Devant le regard légèrement exaspéré d'Hotch, elle calma aussitôt ses ardeurs, mais ne se départit pas de son sourire jovial et rempli de fierté.

-Bref, j'arrête de me lancer des fleurs et je vous fais part du fruit de mon intelligence. Ou de mon talent. Ou de mon travail… Enfin, des trois…

Morgan sourit légèrement.

-Poupée, tu t'égares…

La jeune femme rougit légèrement et opina vigoureusement, excitée comme une puce.

-Tu as raison, mon chéri…Désolée ! Il faut que je me reprenne et que j'arrête de boire autant de café! Bon…En fait, j'ai trouvé quatre autres victimes possibles de notre tueur. Et par « possibles », je veux dire, « quasiment sûres ».

Spencer sentit ses membres se raidir violemment : elle en avait donc trouvé quatre sur cinq… Si toutefois, il s'agissait bien de ses victimes… Mais quelque chose lui disait que Garcia ne se plantait pas. Pas qu'elle soit infaillible, mais elle était assurément l'une des meilleures dans son domaine et se trompait rarement. Roger sembla décontenancé par ses propos et fronça les sourcils.

-Comment ? Je veux dire… J'ai fait des recherches dans toutes les bases de données de tous les états…

Penelope, semblant pour la première fois remarquer la présence de l'inspecteur, s'adressa à lui poliment et d'une manière un peu plus neutre.
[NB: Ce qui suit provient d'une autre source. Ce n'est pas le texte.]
subsection \<open>Minimal non-3-colourable vertex sets are dense\<close>

definition vertex_pairs :: "nat set \<Rightarrow> nat set set" where
  "vertex_pairs T = {e. \<exists>u\<in>T. \<exists>v\<in>T. u \<noteq> v \<and> e = {u, v}}"

definition neighbours_in :: "nat set set \<Rightarrow> nat set \<Rightarrow> nat \<Rightarrow> nat set" where
  "neighbours_in E T v = {u\<in>T. {u, v} \<in> E \<and> u \<noteq> v}"

lemma vertex_pairs_subset_image: "vertex_pairs T \<subseteq> (\<lambda>(u, v). {u, v}) ` (T \<times> T)"
  unfolding vertex_pairs_def by auto

lemma finite_vertex_pairs: "finite T \<Longrightarrow> finite (vertex_pairs T)"
  using vertex_pairs_subset_image by (rule finite_subset) auto

lemma card_vertex_pairs_le:
  assumes "finite T" shows "card (vertex_pairs T) \<le> card T ^ 2"
proof -
  have "card (vertex_pairs T) \<le> card ((\<lambda>(u, v). {u, v}) ` (T \<times> T))"
    using assms by (intro card_mono[OF _ vertex_pairs_subset_image]) auto
  also have "\<dots> \<le> card (T \<times> T)" by (rule card_image_le) (use assms in auto)
  finally show ?thesis by (simp add: card_cartesian_product power2_eq_square)
qed

lemma vertex_pairs_subset_all_edges: "T \<subseteq> {..<n} \<Longrightarrow> vertex_pairs T \<subseteq> all_edges n"
  unfolding vertex_pairs_def all_edges_def
  by (auto simp: insert_commute dest!: nat_neq_iff[THEN iffD1])

lemma exists_minimal_not_induced_3_colorable:
  assumes "finite S" "\<not> induced_3_colorable E S"
  obtains T where "T \<subseteq> S" "\<not> induced_3_colorable E T"
    "\<And>T'. T' \<subset> T \<Longrightarrow> induced_3_colorable E T'"
  using assms
proof (induction S rule: finite_psubset_induct)
  case (psubset S)
  show ?case
  proof (cases "\<forall>T'. T' \<subset> S \<longrightarrow> induced_3_colorable E T'")
    case True
    then show ?thesis using psubset.prems by blast
  next
    case False
    then obtain T' where "T' \<subset> S" "\<not> induced_3_colorable E T'" by auto
    with psubset show ?thesis by (metis order.trans psubset_imp_subset)
  qed
qed
text \<open>Pigeonhole on the values of the prefixes \<open>w[0, l k)\<close> of a return chain in the finitely
  many finite semigroupoids of \<open>F\<close>, followed by \<open>seg_value_idempotent\<close>.\<close>
lemma recurrent_idempotent_prefix:
  fixes al om :: "'e \<Rightarrow> 'v" and w :: "nat \<Rightarrow> 'e"
  assumes path: "inf_path al om w" and rec: "recurrent w"
    and fin_V: "\<forall>S\<in>V. finite_sgd S" and "finite F" and F: "F \<subseteq> gidx al om V"
  shows "\<exists>N\<ge>M. al (w N) = om (w 0) \<and> (\<forall>(S, fv, fe)\<in>F.
     sgd.mult S (seg_value S fe w 0 (Suc N)) (seg_value S fe w 0 (Suc N)) = seg_value S fe w 0 (Suc N))"
proof -
  obtain l :: "nat \<Rightarrow> nat" where l_gt: "\<And>k. M < l k"
    and l_return: "\<And>k j. k < j \<Longrightarrow> 2 * l k < l j \<and> (\<forall>i<l k. w (l j - l k + i) = w i)"
    using recurrent_return_chain[OF rec, where M = M] by blast
  define vals where "vals = (\<lambda>k. \<lambda>i\<in>F. case i of (S, fv, fe) \<Rightarrow> seg_value S fe w 0 (l k))"
  have "range vals \<subseteq> (\<Pi>\<^sub>E i\<in>F. edges (fst i))"
  proof -
    have "seg_value S fe w 0 (l k) \<in> edges S" if "(S, fv, fe) \<in> F" for S fv fe k
    proof -
      interpret sgd_labelled_path S fv fe al om w
        using gidx_labelled_path that F fin_V path by blast
      show ?thesis using seg_value_typed[of 0 "l k"] l_gt[of k] by simp
    qed
    then show ?thesis unfolding vals_def by (auto simp: PiE_iff split: prod.splits)
  qed
  moreover have "finite (\<Pi>\<^sub>E i\<in>F. edges (fst i))"
    using \<open>finite F\<close> F fin_V by (intro finite_PiE) (auto simp: gidx_def finite_sgd_def)
  ultimately have "finite (range vals)"
    by (rule finite_subset)
  then have "\<not> inj vals"
    using finite_imageD[of vals UNIV] by auto
  then obtain k j where "k \<noteq> j" "vals k = vals j"
    unfolding inj_def by blast
  then obtain k j where "k < j" and same: "vals k = vals j"
    by (metis linorder_neqE_nat)
  define N where "N = l j - l k - 1"
  have lengths: "0 < l k" "2 * l k < l j" "Suc N = l j - l k" "M \<le> N"
    using l_gt[of k] l_return[OF \<open>k < j\<close>] unfolding N_def by auto
  have return: "\<forall>i<l k. w (l j - l k + i) = w i"
    using l_return[OF \<open>k < j\<close>] by blast
  have "al (w N) = om (w 0)"
    using path return[rule_format, of 0] lengths by (simp add: inf_path_def)
  moreover have "sgd.mult S (seg_value S fe w 0 (Suc N)) (seg_value S fe w 0 (Suc N)) = seg_value S fe w 0 (Suc N)"
    if "(S, fv, fe) \<in> F" for S fv fe
  proof -
    interpret sgd_labelled_path S fv fe al om w
      using gidx_labelled_path that F fin_V path by blast
    have "seg_value S fe w 0 (l j) = seg_value S fe w 0 (l k)"
      using fun_cong[OF same, of "(S, fv, fe)"] that unfolding vals_def by simp
    then show ?thesis
      using seg_value_idempotent[OF lengths(1,2) return] lengths(3) by simp
  qed
  ultimately show ?thesis using lengths(4) by blast
qed
section \<open>Divergence under the alternative\<close>

theorem (in iid) abs_W_stat_tends_to_infinity:
  assumes sq: "integrable (measure_pmf p) (\<lambda>k. (real k)\<^sup>2)"
    and pos: "0 < measure_pmf.expectation p real"
    and not_poisson_0: "pmf p 0 \<noteq> exp (- measure_pmf.expectation p real)"
  shows "abs_tends_to_infinity_in_prob M (W_stat X)"
  unfolding abs_tends_to_infinity_in_prob_def
proof
  fix C :: real
  define \<mu> where "\<mu> = measure_pmf.expectation p real"
  define c where "c = \<bar>exp (- \<mu>) - pmf p 0\<bar>"
  define d where "d = min (\<mu> / 2) (min 1 (c / 4))"
  have "0 < \<mu>" "0 < c" "0 < d"
    using pos not_poisson_0 by (auto simp: \<mu>_def c_def d_def)
  let ?far_mean = "\<lambda>n. {\<omega>\<in>space M. d \<le> \<bar>sample_mean X n \<omega> - \<mu>\<bar>}"
  let ?far_cdf = "\<lambda>n. {\<omega>\<in>space M. c / 4 \<le> \<bar>emp_cdf X n 0 \<omega> - pmf p 0\<bar>}"
  show "(\<lambda>n. prob {\<omega>\<in>space M. \<bar>W_stat X n \<omega>\<bar> \<le> C}) \<longlonglongrightarrow> 0"
  proof (rule prob_tendsto_0_if_covered)
    have "filterlim (\<lambda>n. real n * d\<^sup>2) at_top sequentially"
      using \<open>0 < d\<close> by real_asymp
    with prob_sample_mean_deviation_tendsto_0[OF sq, of "\<lambda>_. d"] \<open>0 < d\<close>
    show "(\<lambda>n. prob (?far_mean n)) \<longlonglongrightarrow> 0"
      by (simp add: \<mu>_def)
    have "filterlim (\<lambda>n. real n * (c / 4)\<^sup>2) at_top sequentially"
      using \<open>0 < c\<close> by real_asymp
    with prob_emp_cdf_0_deviation_tendsto_0[of "\<lambda>_. c / 4"] \<open>0 < c\<close>
    show "(\<lambda>n. prob (?far_cdf n)) \<longlonglongrightarrow> 0"
      by simp
    have "\<forall>\<^sub>F n in sequentially. exp (2 * (\<mu> + 1)) \<le> sqrt n"
      by real_asymp
    moreover have "\<forall>\<^sub>F n in sequentially. C < sqrt n * (c / 2)"
      using \<open>0 < c\<close> by real_asymp
    ultimately show "\<forall>\<^sub>F n in sequentially. {\<omega>\<in>space M. \<bar>W_stat X n \<omega>\<bar> \<le> C} \<subseteq> ?far_mean n \<union> ?far_cdf n"
    proof eventually_elim
      case (elim n)
      have "C < \<bar>W_stat X n \<omega>\<bar>" if "\<omega> \<notin> ?far_mean n" "\<omega> \<notin> ?far_cdf n" "\<omega> \<in> space M" for \<omega>
      proof -
        have "\<bar>sample_mean X n \<omega> - \<mu>\<bar> < d" "\<bar>emp_cdf X n 0 \<omega> - pmf p 0\<bar> < c / 4"
          using that by auto
        then have "sqrt n * (c / 2) \<le> sqrt n * (c - \<bar>sample_mean X n \<omega> - \<mu>\<bar> - \<bar>emp_cdf X n 0 \<omega> - pmf p 0\<bar>)"
          by (intro mult_left_mono) (auto simp: d_def)
        also have "\<dots> \<le> \<bar>W_stat X n \<omega>\<bar>"
          unfolding c_def using \<open>0 < \<mu>\<close> \<open>\<bar>sample_mean X n \<omega> - \<mu>\<bar> < d\<close> elim(1)
          by (intro abs_W_stat_lower_bound) (auto simp: d_def)
        finally show ?thesis
          using elim(2) by linarith
      qed
      then show ?case
        by force
    qed
  qed measurable
qed
lemma prefix_sums_bounded_of_length_le:
  fixes v :: "'a \<Rightarrow> 'v::euclidean_space" and D :: real
  assumes "length xs \<le> DIM('v)" "0 \<le> D" "\<forall>a\<in>set xs. \<forall>i\<in>Basis. \<bar>v a \<bullet> i\<bar> \<le> D"
  shows "prefix_sums_bounded v (DIM('v) * D) xs"
  unfolding prefix_sums_bounded_def
proof (intro allI impI ballI)
  fix j and i :: 'v
  assume "i \<in> Basis"
  have "\<bar>(\<Sum>a\<in>set (take j xs). v a) \<bullet> i\<bar> \<le> real (card (set (take j xs))) * D"
    using assms(3) \<open>i \<in> Basis\<close> by (intro abs_inner_sum_le) (auto dest: in_set_takeD)
  also have "\<dots> \<le> DIM('v) * D"
    using card_length[of "take j xs"] assms(1,2) by (intro mult_right_mono) auto
  finally show "\<bar>(\<Sum>a\<in>set (take j xs). v a) \<bullet> i\<bar> \<le> DIM('v) * D" .
qed

lemma abs_inner_sum_le_weighted:
  fixes v :: "'a \<Rightarrow> 'v::euclidean_space" and lam :: "'a \<Rightarrow> real"
  assumes "finite B" "\<forall>a\<in>B. lam a \<in> {0..1}" "\<forall>a\<in>B. \<bar>v a \<bullet> i\<bar> \<le> D"
    "(\<Sum>a\<in>B. lam a *\<^sub>R v a) = 0"
  shows "\<bar>(\<Sum>a\<in>B. v a) \<bullet> i\<bar> \<le> (card B - sum lam B) * D"
proof -
  have "(\<Sum>a\<in>B. v a) = (\<Sum>a\<in>B. (1 - lam a) *\<^sub>R v a)"
    using assms(4) by (simp add: scaleR_diff_left sum_subtractf)
  then have "\<bar>(\<Sum>a\<in>B. v a) \<bullet> i\<bar> \<le> (\<Sum>a\<in>B. \<bar>(1 - lam a) * (v a \<bullet> i)\<bar>)"
    by (simp add: inner_sum_left)
  also have "\<dots> \<le> (\<Sum>a\<in>B. (1 - lam a) * D)"
    using assms(2,3) by (intro sum_mono) (auto simp: abs_mult intro: mult_left_mono)
  also have "\<dots> = (card B - sum lam B) * D"
    by (simp add: sum_subtractf left_diff_distrib flip: sum_distrib_right)
  finally show ?thesis .
qed
(* Let $F\colon\mathbb{R}^{n\times m}\to\mathbb{R}$ be continuous with $|F(X)|\le C(|X|^p+1)$ for some $C\in(0,\infty)$ and all $X$. Then either $\mathcal{Q}F\equiv-\infty$, or $\mathcal{Q}F$ is real-valued everywhere and satisfies $|\mathcal{Q}F(X)|\le C'(|X|^p+1)$ for all $X$, for some constant $C'$.
   Context: Fix integers $N,n\ge1$, a vector $\mathbf a=(a_1,\dots,a_N)$ of positive integers and $p\in(1,\infty)$. $\langle\alpha,\mathbf a^{-1}\rangle=\sum_j\alpha_j/a_j$ for $\alpha\in\mathbb{Z}_{\ge0}^N$; $m$ is the number of $\alpha$ with $\langle\alpha,\mathbf a^{-1}\rangle=1$. For smooth $u$, $\nabla_{\mathbf a}u=(\partial^\alpha u)_{\langle\alpha,\mathbf a^{-1}\rangle=1}\in\mathbb{R}^{n\times m}$. $Q=(-1,1)^N$. $\mathcal{Q}F(V)=\inf\{\frac1{|Q|}\int_QF(V+\nabla_{\mathbf a}u)\,\mathrm{d}x:u\in C_c^\infty(Q;\mathbb{R}^n)\}$. *)

theory Defs
  imports "HOL-Analysis.Analysis"
begin

definition partial_dir :: "'N::finite \<Rightarrow> (real^'N \<Rightarrow> real) \<Rightarrow> real^'N \<Rightarrow> real" where
  "partial_dir j f = (\<lambda>x. frechet_derivative f (at x) (axis j 1))"

definition partials :: "'N::finite list \<Rightarrow> (real^'N \<Rightarrow> real) \<Rightarrow> real^'N \<Rightarrow> real" where
  "partials js f = foldr partial_dir js f"

definition smooth_fun :: "(real^'N::finite \<Rightarrow> real) \<Rightarrow> bool" where
  "smooth_fun f \<longleftrightarrow> (\<forall>js. partials js f differentiable_on UNIV)"

text \<open>Multi-index partial derivative \<partial>^\<alpha>: differentiate \<alpha> j times in direction j
  (the order is irrelevant for smooth functions by Schwarz's theorem).\<close>
definition mpartial :: "('N::finite \<Rightarrow> nat) \<Rightarrow> (real^'N \<Rightarrow> real) \<Rightarrow> real^'N \<Rightarrow> real" where
  "mpartial \<alpha> f = partials (SOME js. \<forall>j. count_list js j = \<alpha> j) f"

definition cubeQ :: "(real^'N::finite) set" where
  "cubeQ = box (-1) 1"

definition Cc_inf :: "(real^'N::finite \<Rightarrow> real^'n::finite) set" where
  "Cc_inf = {u. (\<forall>i. smooth_fun (\<lambda>x. u x $ i)) \<and> closure {x. u x \<noteq> 0} \<subseteq> cubeQ}"

definition aidx :: "('N::finite \<Rightarrow> nat) \<Rightarrow> ('N \<Rightarrow> nat) set" where
  "aidx a = {\<alpha>. (\<Sum>j\<in>UNIV. real (\<alpha> j) / real (a j)) = 1}"

text \<open>The anisotropic gradient \<nabla>_a u, an n x m matrix; the m columns are indexed by the finite
  type 'm via an enumeration idx of the multi-indices in aidx a.\<close>
definition grad_a :: "('m::finite \<Rightarrow> ('N::finite \<Rightarrow> nat)) \<Rightarrow> (real^'N \<Rightarrow> real^'n::finite)
    \<Rightarrow> real^'N \<Rightarrow> real^'m^'n" where
  "grad_a idx u x = (\<chi> i. \<chi> k. mpartial (idx k) (\<lambda>y. u y $ i) x)"

definition QF :: "('m::finite \<Rightarrow> ('N::finite \<Rightarrow> nat)) \<Rightarrow> (real^'m^'n::finite \<Rightarrow> real)
    \<Rightarrow> real^'m^'n \<Rightarrow> ereal" where
  "QF idx F V = (INF u\<in>(Cc_inf :: (real^'N \<Rightarrow> real^'n) set).
      ereal ((1 / measure lborel (cubeQ :: (real^'N) set)) *
             (LINT x:cubeQ|lborel. F (V + grad_a idx u x))))"

end

(* If QF F X0 > -\<infinity> for a single X0, every competitor u for an arbitrary X = X0 + Y yields
   one for X0. Rescale u anisotropically into a small box, t * u (c_1 x_1, ..., c_N x_N) with
   t * (\<Prod>j. c_j ^ \<alpha>_j) = 1 whenever <\<alpha>, a^-1> = 1, which does not change its anisotropic
   gradient, and add the corrector \<Sum>_l Y_l \<psi>(x) x^\<alpha>_l / \<alpha>_l!, with a cut-off \<psi> equal to 1 near
   the box. The anisotropic gradient of the new competitor is that of u (rescaled) plus Y on the
   box and is bounded by K |Y| elsewhere, so the growth bound gives
   QF F X0 \<le> (energy of u at X) / (\<Prod>j. c_j) + C ((|X0| + K |Y|)^p + 1):
   a lower bound of order |X|^p, uniform in u. The upper bound QF F X \<le> F X comes from u = 0. *)

theory Submission
  imports Defs "HOL-Computational_Algebra.Polynomial" "HOL-Library.Multiset"
begin

section \<open>Partial derivatives\<close>

lemma partials_Nil [simp]: "partials [] f = f"
  by (simp add: partials_def)

lemma partials_Cons [simp]: "partials (j # js) f = partial_dir j (partials js f)"
  by (simp add: partials_def)

lemma partial_dir_eq_derivative:
  assumes "(f has_derivative f') (at x)"
  shows "partial_dir j f x = f' (axis j 1)"
  using frechet_derivative_at[OF assms] by (simp add: partial_dir_def)

lemma partial_dir_cong_open:
  assumes "open U" "x \<in> U" "\<And>y. y \<in> U \<Longrightarrow> f y = g y"
  shows "partial_dir j f x = partial_dir j g x"
proof -
  have "(f has_derivative D) (at x) \<longleftrightarrow> (g has_derivative D) (at x)" for D
    using has_derivative_transform_within_open[OF _ assms(1,2), of f D UNIV g]
      has_derivative_transform_within_open[OF _ assms(1,2), of g D UNIV f] assms(3) by auto
  then show ?thesis by (simp add: partial_dir_def frechet_derivative_def)
qed

lemma partials_cong_open:
  assumes "open U" "x \<in> U" "\<And>y. y \<in> U \<Longrightarrow> f y = g y"
  shows "partials js f x = partials js g x"
  using assms(2)
proof (induction js arbitrary: x)
  case (Cons j js)
  then show ?case
    using partial_dir_cong_open[OF assms(1), of x "partials js f" "partials js g"] by simp
qed (use assms(3) in simp)

lemma partials_zero [simp]: "partials js (\<lambda>x. 0) = (\<lambda>x. 0)"
proof (induction js)
  case (Cons j js)
  have "partial_dir j (\<lambda>x::real^'a. 0::real) x = 0" for x
    using partial_dir_eq_derivative[of "\<lambda>x::real^'a. 0::real" "\<lambda>_. 0" x j] by simp
  then show ?case by (simp add: Cons.IH fun_eq_iff)
qed simp

lemma smooth_fun_differentiable: "smooth_fun f \<Longrightarrow> partials js f differentiable (at x)"
  unfolding smooth_fun_def differentiable_on_def by auto

lemma partial_dir_add:
  assumes "f differentiable (at x)" "g differentiable (at x)"
  shows "partial_dir j (\<lambda>x. f x + g x) x = partial_dir j f x + partial_dir j g x"
proof -
  obtain f' g' where f': "(f has_derivative f') (at x)" and g': "(g has_derivative g') (at x)"
    using assms unfolding differentiable_def by blast
  show ?thesis
    using partial_dir_eq_derivative[OF has_derivative_add[OF f' g']]
      partial_dir_eq_derivative[OF f'] partial_dir_eq_derivative[OF g'] by simp
qed

lemma partial_dir_cmult:
  assumes "f differentiable (at x)"
  shows "partial_dir j (\<lambda>x. c * f x) x = c * partial_dir j f x"
proof -
  obtain f' where f': "(f has_derivative f') (at x)"
    using assms unfolding differentiable_def by blast
  show ?thesis
    using partial_dir_eq_derivative[OF has_derivative_mult_right[OF f']]
      partial_dir_eq_derivative[OF f'] by simp
qed
lemma F3_scalars_char3_eq: "F3_scalars = {0, 1, -1::'a}"
proof -
  have "(2::'a) + 1 = 0"
    using three_eq_zero by simp
  then have "(2::'a) = -1"
    by (simp add: eq_neg_iff_add_eq_0)
  then show ?thesis
    unfolding F3_scalars_eq by (rule arg_cong)
qed

lemma F3_scalars_iff: "c \<in> F3_scalars \<longleftrightarrow> (c::'a) ^ 3 = c"
proof -
  have "c ^ 3 = c \<longleftrightarrow> c * (c - 1) * (c + 1) = 0"
    by (simp add: power3_eq_cube algebra_simps)
  also have "\<dots> \<longleftrightarrow> c \<in> {0, 1, -1}"
    by (simp add: eq_neg_iff_add_eq_0)
  finally show ?thesis
    by (simp add: F3_scalars_char3_eq)
qed

lemma F3_scalars_add: "a \<in> F3_scalars \<Longrightarrow> b \<in> F3_scalars \<Longrightarrow> (a + b :: 'a) \<in> F3_scalars"
  using add_power_3_power[of a b 1] by (simp add: F3_scalars_iff)

lemma F3_scalars_mult: "a \<in> F3_scalars \<Longrightarrow> b \<in> F3_scalars \<Longrightarrow> (a * b :: 'a) \<in> F3_scalars"
  by (simp add: F3_scalars_iff power_mult_distrib)

lemma F3_scalars_uminus: "a \<in> F3_scalars \<Longrightarrow> (- a :: 'a) \<in> F3_scalars"
  by (simp add: F3_scalars_iff)

lemma F3_scalars_inverse: "a \<in> F3_scalars \<Longrightarrow> (inverse a :: 'a) \<in> F3_scalars"
  by (simp add: F3_scalars_iff power_inverse)

lemma F3_scalars_diff: "a \<in> F3_scalars \<Longrightarrow> b \<in> F3_scalars \<Longrightarrow> (a - b :: 'a) \<in> F3_scalars"
  using F3_scalars_add F3_scalars_uminus by (metis diff_conv_add_uminus)

lemma card_F3_scalars: "card (F3_scalars :: 'a set) = 3"
proof -
  have "(-1::'a) \<noteq> 1"
  proof
    assume "(-1::'a) = 1"
    then have "(2::'a) = 0"
      by (metis one_add_one add.right_inverse)
    moreover have "(3::'a) = 2 + 1"
      by simp
    ultimately have "(3::'a) = 1"
      by simp
    then show False
      using three_eq_zero by simp
  qed
  then show ?thesis
    by (simp add: F3_scalars_char3_eq)
qed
-Et vous aviez bien cherché… mais ces meurtres sont différents. Les quatre victimes, même si elles ont le même âge que les autres, provenaient de la classe moyenne et n'ont pas subi de tortures. Elles ont juste eu les veines coupées au niveau des poignets… Enfin, « juste » c'est un peu un terme inapproprié puisque ça les a tuées, mais…

Spencer se mit à pester intérieurement contre Garcia, sans arriver à comprendre comment elle avait pu faire le lien… Rossi la coupa aussitôt, se posant sans doute les mêmes questions que lui, mais avec la peur en moins.

-Comment peux-tu être sûre que les meurtres sont liés puisque le mode opératoire est différent ?

Garcia fit tourner son stylo couvert de plume entre ses doigts et savoura un instant le trouble qu'elle semait chez les profileurs, avant de répondre sur un ton mystérieux et amusé :

-Simplement parce que je suis Dieu et toute puissante… et que j'ai lu les rapports des experts médico-légaux.

Elle fit une pause, se délectant de la perplexité des agents, avant de s'expliquer.

-Notre homme est intelligent, mais moins que moi…

Spencer lui lança un regard noir, partagé entre la colère et la peur, mais elle ne l'aperçut pas.

-En fait, en lisant ces rapports, j'ai remarqué qu'autour de la troisième victime connue, tuée juste après une longue période d'un des étranges congés sabbatiques de notre tueur, il y avait d'infimes traces du sang et donc de l'ADN… d'Alexa Lisben ! Les experts en sont venus à la conclusion que le tueur avait toujours du sang de cette femme sous les semelles de ses converses pointure quarante-trois et qu'il l'avait transporté d'une scène de crime à une autre ! Si ça, c'est pas un coup du karma… !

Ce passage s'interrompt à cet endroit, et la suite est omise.